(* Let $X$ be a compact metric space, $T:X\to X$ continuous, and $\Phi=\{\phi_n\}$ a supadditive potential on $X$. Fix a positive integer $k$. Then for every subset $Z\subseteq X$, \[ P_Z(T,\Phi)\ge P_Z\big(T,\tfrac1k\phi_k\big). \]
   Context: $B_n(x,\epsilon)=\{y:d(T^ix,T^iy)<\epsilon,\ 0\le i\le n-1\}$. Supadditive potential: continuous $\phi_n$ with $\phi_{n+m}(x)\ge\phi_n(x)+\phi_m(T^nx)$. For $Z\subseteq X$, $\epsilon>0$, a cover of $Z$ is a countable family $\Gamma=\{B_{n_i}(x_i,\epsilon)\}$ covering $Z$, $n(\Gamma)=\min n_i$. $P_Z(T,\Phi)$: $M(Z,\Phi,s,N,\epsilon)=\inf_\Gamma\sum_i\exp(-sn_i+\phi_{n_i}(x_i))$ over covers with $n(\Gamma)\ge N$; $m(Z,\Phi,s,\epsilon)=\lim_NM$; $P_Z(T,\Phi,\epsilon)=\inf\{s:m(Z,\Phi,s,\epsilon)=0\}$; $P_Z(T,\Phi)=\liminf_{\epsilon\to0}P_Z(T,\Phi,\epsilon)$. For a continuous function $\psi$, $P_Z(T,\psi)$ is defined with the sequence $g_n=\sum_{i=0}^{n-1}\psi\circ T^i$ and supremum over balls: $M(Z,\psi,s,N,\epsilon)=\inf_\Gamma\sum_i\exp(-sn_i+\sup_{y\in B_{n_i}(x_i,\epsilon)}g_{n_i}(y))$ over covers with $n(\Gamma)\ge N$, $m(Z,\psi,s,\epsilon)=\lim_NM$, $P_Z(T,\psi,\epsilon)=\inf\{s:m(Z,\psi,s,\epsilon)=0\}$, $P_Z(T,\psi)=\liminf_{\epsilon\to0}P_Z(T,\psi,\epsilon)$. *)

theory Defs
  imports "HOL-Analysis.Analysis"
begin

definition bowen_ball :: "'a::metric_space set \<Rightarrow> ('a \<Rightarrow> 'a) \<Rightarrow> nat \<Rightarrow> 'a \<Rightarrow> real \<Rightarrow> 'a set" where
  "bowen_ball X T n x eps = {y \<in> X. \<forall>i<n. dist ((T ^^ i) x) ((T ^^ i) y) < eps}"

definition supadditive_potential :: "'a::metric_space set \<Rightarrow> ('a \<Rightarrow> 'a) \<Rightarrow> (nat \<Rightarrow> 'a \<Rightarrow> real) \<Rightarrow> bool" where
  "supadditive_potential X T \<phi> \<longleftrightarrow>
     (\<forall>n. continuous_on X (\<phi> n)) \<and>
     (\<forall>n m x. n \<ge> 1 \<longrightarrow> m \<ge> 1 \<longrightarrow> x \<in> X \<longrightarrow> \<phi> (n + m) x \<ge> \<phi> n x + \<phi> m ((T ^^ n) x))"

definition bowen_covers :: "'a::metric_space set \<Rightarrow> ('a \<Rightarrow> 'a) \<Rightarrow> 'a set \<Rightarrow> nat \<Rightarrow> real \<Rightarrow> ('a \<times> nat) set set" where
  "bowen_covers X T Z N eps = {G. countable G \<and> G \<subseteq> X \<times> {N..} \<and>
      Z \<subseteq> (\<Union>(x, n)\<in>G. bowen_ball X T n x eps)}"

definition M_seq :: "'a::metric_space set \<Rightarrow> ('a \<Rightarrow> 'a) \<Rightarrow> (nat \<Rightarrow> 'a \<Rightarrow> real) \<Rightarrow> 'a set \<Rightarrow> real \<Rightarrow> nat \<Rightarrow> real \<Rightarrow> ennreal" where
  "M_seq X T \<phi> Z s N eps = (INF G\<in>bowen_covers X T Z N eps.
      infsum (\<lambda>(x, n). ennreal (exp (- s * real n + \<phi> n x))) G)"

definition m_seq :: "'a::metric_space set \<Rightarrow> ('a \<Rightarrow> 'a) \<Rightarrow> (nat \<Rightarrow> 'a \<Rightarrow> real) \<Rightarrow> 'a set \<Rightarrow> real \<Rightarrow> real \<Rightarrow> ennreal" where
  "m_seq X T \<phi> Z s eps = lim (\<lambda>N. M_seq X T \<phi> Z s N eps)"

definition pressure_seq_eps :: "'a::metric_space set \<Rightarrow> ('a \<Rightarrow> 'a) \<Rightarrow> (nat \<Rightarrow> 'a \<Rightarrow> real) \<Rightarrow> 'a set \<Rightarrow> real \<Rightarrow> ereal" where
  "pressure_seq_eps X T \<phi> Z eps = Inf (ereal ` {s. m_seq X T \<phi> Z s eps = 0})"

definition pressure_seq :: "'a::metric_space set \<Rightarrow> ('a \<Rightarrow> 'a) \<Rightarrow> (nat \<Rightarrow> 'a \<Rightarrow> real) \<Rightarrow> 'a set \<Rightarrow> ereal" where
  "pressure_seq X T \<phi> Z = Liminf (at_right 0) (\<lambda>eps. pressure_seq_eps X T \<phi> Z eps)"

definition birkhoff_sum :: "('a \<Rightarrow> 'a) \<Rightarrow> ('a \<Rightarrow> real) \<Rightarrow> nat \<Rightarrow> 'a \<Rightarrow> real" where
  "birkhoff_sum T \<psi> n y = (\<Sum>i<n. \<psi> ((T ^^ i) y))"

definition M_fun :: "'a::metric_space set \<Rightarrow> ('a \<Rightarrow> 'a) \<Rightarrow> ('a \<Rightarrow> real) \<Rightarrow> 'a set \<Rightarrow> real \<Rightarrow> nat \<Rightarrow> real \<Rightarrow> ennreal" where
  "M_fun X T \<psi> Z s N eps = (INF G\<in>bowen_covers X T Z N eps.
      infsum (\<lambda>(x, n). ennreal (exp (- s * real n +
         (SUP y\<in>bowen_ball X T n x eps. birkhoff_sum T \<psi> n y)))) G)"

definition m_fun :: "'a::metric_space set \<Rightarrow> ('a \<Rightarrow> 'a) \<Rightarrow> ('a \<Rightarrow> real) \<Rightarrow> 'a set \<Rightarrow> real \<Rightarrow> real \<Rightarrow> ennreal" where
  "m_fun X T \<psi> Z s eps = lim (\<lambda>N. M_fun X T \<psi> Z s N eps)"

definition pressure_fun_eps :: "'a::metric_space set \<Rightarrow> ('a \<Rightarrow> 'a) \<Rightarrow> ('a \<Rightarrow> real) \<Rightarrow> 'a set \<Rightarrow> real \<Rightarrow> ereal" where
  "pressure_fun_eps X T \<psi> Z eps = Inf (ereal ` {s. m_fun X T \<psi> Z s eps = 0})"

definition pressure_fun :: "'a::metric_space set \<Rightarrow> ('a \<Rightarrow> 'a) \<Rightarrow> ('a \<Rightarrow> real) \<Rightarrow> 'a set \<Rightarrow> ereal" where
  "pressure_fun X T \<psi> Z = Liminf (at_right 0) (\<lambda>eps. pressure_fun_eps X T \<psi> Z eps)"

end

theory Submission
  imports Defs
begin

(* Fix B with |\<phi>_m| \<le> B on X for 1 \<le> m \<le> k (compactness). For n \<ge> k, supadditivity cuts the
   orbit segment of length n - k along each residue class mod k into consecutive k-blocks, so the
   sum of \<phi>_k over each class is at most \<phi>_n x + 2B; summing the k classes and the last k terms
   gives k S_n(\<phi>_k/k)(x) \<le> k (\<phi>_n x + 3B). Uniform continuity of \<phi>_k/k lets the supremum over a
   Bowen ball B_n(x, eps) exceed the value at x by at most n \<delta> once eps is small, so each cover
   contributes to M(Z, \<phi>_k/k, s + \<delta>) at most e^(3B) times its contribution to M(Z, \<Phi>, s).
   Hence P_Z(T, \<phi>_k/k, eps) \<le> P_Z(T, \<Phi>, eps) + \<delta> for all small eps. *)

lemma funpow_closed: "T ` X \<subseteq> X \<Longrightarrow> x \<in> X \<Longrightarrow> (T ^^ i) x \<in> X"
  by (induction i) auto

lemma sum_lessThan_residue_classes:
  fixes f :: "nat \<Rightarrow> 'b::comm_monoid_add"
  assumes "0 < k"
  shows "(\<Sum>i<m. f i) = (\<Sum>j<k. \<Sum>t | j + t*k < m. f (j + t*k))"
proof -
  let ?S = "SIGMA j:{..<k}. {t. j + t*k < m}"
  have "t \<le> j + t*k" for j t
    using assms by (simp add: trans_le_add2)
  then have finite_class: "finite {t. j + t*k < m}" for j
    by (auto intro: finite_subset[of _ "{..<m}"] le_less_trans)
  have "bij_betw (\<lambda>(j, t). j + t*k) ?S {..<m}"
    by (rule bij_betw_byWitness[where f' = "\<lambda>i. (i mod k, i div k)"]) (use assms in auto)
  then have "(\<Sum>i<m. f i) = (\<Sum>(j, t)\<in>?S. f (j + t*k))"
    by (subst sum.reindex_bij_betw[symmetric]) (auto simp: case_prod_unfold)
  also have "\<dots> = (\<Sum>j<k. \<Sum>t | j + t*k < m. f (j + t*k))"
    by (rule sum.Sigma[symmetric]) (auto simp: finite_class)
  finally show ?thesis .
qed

━━━━

Task directions: Count of lines with the string "each" in the material above: give that number only.

Answer below: 3